* **TASK DESCRIPTION**:
From the data below, copy exactly the lines that lie between the one holding "x \<inter> opn" and the one holding "(\<forall>x\<in>A. g (f", including both, and nothing more.

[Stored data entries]

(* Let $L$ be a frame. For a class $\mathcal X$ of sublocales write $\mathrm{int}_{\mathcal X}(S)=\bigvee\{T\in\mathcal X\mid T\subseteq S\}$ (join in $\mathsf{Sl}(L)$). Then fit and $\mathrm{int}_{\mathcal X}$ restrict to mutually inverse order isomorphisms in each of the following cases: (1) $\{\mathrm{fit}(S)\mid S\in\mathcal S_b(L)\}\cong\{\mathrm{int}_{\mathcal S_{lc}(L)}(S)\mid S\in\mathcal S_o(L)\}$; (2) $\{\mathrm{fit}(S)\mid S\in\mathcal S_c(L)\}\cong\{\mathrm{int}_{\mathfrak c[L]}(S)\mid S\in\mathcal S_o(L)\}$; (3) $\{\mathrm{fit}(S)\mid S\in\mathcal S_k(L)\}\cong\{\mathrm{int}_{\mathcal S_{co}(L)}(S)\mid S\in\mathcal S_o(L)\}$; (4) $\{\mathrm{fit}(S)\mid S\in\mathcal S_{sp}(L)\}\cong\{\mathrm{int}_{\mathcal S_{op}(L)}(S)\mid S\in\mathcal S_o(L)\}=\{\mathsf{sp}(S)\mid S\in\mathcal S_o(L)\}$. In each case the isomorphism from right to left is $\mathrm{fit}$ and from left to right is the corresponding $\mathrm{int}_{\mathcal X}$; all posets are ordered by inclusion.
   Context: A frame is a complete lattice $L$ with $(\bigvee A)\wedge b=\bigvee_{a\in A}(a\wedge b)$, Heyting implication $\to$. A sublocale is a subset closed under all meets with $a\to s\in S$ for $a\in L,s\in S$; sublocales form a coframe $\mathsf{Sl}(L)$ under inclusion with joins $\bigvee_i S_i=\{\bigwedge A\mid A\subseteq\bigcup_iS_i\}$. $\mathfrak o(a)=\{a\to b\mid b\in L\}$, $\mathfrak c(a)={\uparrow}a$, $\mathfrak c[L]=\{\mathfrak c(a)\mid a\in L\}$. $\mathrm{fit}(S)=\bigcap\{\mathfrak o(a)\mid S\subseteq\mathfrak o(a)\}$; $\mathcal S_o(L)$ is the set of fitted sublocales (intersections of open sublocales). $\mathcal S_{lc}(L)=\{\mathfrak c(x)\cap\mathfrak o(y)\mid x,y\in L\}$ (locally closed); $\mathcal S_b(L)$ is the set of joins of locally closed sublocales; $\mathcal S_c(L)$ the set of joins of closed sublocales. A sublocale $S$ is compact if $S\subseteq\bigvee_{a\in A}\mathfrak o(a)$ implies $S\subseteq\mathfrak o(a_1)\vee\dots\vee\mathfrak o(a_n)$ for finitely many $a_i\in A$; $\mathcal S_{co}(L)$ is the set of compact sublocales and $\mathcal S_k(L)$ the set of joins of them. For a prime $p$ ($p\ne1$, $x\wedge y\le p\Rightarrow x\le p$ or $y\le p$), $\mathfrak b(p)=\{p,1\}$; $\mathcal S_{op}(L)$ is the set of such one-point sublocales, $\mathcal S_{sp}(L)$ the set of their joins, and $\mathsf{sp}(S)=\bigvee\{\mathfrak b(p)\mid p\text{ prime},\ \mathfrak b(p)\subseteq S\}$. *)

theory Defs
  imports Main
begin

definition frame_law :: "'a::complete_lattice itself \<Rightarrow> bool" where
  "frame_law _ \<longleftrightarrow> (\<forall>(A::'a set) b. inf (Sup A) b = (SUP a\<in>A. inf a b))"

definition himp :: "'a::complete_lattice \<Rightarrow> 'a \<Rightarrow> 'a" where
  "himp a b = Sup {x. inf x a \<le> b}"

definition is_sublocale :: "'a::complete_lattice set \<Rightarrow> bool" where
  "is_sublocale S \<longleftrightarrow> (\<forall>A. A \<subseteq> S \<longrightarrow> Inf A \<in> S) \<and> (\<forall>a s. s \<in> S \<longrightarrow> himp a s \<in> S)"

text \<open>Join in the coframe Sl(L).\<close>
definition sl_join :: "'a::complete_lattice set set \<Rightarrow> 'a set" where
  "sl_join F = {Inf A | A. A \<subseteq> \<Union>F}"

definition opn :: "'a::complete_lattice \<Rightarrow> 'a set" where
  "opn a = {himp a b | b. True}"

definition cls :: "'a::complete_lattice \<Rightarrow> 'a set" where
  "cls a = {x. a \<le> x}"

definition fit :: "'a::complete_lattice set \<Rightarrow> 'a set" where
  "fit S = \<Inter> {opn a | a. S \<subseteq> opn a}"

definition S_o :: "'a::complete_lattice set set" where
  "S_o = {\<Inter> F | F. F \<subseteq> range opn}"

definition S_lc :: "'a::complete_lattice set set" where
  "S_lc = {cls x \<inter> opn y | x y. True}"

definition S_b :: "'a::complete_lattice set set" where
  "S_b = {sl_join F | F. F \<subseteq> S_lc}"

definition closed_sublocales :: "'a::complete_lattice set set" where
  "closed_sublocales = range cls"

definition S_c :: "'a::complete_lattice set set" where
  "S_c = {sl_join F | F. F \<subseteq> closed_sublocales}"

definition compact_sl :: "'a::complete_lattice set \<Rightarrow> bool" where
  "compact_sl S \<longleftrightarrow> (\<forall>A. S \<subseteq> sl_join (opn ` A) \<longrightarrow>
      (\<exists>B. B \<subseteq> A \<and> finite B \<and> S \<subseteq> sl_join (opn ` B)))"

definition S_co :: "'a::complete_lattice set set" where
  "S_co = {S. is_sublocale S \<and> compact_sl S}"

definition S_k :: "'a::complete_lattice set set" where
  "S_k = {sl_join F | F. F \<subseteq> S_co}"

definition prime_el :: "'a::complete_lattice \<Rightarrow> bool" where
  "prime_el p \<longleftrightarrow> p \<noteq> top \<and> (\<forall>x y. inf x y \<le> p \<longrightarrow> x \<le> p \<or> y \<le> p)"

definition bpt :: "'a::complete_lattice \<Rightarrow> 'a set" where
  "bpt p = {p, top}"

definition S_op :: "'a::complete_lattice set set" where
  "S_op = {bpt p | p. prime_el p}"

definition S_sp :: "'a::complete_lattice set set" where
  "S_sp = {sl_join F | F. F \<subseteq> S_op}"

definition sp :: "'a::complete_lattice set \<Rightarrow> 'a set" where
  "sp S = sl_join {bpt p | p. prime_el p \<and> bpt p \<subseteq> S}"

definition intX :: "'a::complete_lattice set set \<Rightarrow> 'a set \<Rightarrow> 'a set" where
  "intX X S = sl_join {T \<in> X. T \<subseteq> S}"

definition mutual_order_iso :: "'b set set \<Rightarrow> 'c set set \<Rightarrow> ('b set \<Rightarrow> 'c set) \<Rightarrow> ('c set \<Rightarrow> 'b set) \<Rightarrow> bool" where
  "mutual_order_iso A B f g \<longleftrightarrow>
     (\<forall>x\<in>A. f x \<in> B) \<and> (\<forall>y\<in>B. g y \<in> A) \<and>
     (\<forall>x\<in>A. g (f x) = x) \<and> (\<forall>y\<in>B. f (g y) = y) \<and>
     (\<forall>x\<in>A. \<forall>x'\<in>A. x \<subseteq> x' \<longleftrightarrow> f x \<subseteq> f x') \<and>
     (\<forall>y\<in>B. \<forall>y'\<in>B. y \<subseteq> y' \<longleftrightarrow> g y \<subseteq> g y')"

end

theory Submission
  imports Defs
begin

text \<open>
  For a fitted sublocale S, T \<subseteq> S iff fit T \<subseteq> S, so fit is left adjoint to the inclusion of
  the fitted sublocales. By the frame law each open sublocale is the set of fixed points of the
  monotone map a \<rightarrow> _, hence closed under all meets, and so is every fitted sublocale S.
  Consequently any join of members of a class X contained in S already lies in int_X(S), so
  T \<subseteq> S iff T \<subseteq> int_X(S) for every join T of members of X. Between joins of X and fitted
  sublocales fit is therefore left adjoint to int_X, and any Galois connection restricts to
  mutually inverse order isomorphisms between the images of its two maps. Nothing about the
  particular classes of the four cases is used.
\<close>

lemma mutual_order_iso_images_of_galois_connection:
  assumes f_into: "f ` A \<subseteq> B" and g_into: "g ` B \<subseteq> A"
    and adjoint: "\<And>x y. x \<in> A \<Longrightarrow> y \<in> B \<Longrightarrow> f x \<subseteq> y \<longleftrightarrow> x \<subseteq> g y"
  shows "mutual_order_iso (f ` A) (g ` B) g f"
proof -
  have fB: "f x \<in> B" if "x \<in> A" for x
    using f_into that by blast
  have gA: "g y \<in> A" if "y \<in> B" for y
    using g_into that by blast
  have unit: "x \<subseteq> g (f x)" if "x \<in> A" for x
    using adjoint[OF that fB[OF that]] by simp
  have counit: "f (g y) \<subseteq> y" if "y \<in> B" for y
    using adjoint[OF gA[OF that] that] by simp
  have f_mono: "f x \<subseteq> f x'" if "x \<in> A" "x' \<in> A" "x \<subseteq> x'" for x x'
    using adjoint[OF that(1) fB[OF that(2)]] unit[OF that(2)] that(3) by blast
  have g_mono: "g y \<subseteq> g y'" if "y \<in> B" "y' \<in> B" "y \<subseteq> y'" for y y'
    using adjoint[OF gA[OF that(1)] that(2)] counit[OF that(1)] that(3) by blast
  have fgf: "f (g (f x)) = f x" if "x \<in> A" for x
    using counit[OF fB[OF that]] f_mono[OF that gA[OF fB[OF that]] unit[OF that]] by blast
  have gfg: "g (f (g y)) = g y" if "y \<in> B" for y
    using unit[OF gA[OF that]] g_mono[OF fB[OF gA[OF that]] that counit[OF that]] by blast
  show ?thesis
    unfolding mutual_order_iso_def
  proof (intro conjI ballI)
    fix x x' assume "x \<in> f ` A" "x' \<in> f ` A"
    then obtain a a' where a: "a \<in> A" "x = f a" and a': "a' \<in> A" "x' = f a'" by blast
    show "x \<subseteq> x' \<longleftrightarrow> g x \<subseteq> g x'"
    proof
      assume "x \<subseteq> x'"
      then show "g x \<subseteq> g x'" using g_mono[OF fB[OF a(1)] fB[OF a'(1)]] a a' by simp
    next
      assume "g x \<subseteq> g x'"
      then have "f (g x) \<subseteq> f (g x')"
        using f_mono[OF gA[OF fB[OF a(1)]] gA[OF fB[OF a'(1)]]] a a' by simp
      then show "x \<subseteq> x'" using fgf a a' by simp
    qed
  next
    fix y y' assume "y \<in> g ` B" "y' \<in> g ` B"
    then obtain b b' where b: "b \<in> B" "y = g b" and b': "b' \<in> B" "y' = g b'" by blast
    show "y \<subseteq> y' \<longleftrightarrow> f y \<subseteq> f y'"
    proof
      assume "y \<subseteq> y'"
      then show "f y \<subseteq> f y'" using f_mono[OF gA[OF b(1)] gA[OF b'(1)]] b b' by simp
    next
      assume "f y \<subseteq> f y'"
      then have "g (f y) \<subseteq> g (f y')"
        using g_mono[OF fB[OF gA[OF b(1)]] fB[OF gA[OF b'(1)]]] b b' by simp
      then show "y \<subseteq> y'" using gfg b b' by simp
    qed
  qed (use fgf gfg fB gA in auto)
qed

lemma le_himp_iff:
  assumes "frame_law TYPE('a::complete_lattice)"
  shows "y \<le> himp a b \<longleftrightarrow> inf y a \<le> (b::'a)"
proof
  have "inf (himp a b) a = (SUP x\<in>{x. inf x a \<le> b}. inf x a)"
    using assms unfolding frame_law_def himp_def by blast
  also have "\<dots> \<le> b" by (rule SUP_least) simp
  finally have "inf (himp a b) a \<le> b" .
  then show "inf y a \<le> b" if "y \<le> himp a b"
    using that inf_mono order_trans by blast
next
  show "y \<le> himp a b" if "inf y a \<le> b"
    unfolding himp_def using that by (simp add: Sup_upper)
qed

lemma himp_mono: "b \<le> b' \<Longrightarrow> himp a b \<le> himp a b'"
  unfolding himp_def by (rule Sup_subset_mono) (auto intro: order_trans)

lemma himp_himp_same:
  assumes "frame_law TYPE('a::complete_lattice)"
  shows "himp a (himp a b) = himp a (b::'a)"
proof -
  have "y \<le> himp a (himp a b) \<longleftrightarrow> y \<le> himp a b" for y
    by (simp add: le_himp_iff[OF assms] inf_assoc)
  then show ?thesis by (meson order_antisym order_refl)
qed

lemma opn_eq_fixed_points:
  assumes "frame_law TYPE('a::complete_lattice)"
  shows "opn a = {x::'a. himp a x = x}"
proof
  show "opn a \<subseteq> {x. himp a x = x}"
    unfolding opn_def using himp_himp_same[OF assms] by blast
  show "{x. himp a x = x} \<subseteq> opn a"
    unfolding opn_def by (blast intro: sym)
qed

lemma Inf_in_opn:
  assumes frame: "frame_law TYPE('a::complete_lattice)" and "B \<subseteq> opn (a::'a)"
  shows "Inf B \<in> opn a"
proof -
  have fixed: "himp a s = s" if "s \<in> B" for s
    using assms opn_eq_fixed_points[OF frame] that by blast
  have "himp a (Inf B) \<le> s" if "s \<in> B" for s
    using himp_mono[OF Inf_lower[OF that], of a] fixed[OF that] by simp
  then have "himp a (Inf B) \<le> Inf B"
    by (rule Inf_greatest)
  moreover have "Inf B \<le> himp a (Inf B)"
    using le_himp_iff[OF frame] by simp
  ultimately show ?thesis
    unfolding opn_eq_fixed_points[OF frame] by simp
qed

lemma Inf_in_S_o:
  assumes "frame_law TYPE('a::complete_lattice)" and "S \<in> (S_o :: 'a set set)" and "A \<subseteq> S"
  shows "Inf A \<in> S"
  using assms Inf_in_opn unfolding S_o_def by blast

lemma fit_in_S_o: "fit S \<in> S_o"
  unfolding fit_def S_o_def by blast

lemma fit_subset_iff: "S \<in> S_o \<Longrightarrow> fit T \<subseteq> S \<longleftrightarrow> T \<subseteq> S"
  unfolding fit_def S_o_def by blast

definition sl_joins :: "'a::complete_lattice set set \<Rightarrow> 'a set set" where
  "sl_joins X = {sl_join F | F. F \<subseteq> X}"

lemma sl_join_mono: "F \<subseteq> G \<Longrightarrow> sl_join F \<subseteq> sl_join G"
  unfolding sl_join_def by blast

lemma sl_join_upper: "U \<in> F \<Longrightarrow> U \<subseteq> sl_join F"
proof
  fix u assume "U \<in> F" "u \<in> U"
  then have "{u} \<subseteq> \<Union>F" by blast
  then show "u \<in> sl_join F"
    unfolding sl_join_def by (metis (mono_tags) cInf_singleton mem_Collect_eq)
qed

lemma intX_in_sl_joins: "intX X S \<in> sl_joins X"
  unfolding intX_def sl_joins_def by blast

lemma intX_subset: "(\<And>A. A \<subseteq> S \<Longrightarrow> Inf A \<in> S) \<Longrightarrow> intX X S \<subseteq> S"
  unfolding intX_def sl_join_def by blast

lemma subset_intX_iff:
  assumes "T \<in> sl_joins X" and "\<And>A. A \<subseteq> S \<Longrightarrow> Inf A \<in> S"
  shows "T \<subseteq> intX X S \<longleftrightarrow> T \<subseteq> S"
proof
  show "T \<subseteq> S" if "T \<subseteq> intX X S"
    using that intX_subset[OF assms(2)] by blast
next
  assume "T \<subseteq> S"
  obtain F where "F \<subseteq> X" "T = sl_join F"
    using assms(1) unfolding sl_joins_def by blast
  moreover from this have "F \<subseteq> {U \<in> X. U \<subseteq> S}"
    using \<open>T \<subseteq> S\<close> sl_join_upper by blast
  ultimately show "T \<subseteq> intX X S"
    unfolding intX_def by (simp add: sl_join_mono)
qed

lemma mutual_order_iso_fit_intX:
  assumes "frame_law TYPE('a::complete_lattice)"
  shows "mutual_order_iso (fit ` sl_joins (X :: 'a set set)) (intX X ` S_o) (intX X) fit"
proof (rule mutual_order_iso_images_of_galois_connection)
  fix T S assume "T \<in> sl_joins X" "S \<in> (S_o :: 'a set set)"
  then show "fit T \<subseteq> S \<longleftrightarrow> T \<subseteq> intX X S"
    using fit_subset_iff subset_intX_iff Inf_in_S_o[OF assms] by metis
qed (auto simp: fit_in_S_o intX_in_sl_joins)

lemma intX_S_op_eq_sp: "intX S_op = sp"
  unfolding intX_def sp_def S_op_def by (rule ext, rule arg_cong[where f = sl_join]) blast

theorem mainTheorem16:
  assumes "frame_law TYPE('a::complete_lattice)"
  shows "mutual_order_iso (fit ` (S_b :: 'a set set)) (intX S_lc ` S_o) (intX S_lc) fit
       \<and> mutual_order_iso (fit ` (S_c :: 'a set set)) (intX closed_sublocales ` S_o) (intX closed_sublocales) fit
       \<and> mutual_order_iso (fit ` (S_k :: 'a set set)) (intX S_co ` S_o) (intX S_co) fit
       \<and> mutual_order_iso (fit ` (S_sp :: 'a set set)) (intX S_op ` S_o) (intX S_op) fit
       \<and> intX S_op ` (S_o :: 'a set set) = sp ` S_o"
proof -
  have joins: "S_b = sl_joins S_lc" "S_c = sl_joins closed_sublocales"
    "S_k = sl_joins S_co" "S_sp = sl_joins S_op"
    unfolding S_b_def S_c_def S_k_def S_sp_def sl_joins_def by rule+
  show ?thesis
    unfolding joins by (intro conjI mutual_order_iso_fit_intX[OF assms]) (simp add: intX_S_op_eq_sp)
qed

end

* **WRITTEN REPLY**:
  "S_lc = {cls x \<inter> opn y | x y. True}"

definition S_b :: "'a::complete_lattice set set" where
  "S_b = {sl_join F | F. F \<subseteq> S_lc}"

definition closed_sublocales :: "'a::complete_lattice set set" where
  "closed_sublocales = range cls"

definition S_c :: "'a::complete_lattice set set" where
  "S_c = {sl_join F | F. F \<subseteq> closed_sublocales}"

definition compact_sl :: "'a::complete_lattice set \<Rightarrow> bool" where
  "compact_sl S \<longleftrightarrow> (\<forall>A. S \<subseteq> sl_join (opn ` A) \<longrightarrow>
      (\<exists>B. B \<subseteq> A \<and> finite B \<and> S \<subseteq> sl_join (opn ` B)))"

definition S_co :: "'a::complete_lattice set set" where
  "S_co = {S. is_sublocale S \<and> compact_sl S}"

definition S_k :: "'a::complete_lattice set set" where
  "S_k = {sl_join F | F. F \<subseteq> S_co}"

definition prime_el :: "'a::complete_lattice \<Rightarrow> bool" where
  "prime_el p \<longleftrightarrow> p \<noteq> top \<and> (\<forall>x y. inf x y \<le> p \<longrightarrow> x \<le> p \<or> y \<le> p)"

definition bpt :: "'a::complete_lattice \<Rightarrow> 'a set" where
  "bpt p = {p, top}"

definition S_op :: "'a::complete_lattice set set" where
  "S_op = {bpt p | p. prime_el p}"

definition S_sp :: "'a::complete_lattice set set" where
  "S_sp = {sl_join F | F. F \<subseteq> S_op}"

definition sp :: "'a::complete_lattice set \<Rightarrow> 'a set" where
  "sp S = sl_join {bpt p | p. prime_el p \<and> bpt p \<subseteq> S}"

definition intX :: "'a::complete_lattice set set \<Rightarrow> 'a set \<Rightarrow> 'a set" where
  "intX X S = sl_join {T \<in> X. T \<subseteq> S}"

definition mutual_order_iso :: "'b set set \<Rightarrow> 'c set set \<Rightarrow> ('b set \<Rightarrow> 'c set) \<Rightarrow> ('c set \<Rightarrow> 'b set) \<Rightarrow> bool" where
  "mutual_order_iso A B f g \<longleftrightarrow>
     (\<forall>x\<in>A. f x \<in> B) \<and> (\<forall>y\<in>B. g y \<in> A) \<and>
     (\<forall>x\<in>A. g (f x) = x) \<and> (\<forall>y\<in>B. f (g y) = y) \<and>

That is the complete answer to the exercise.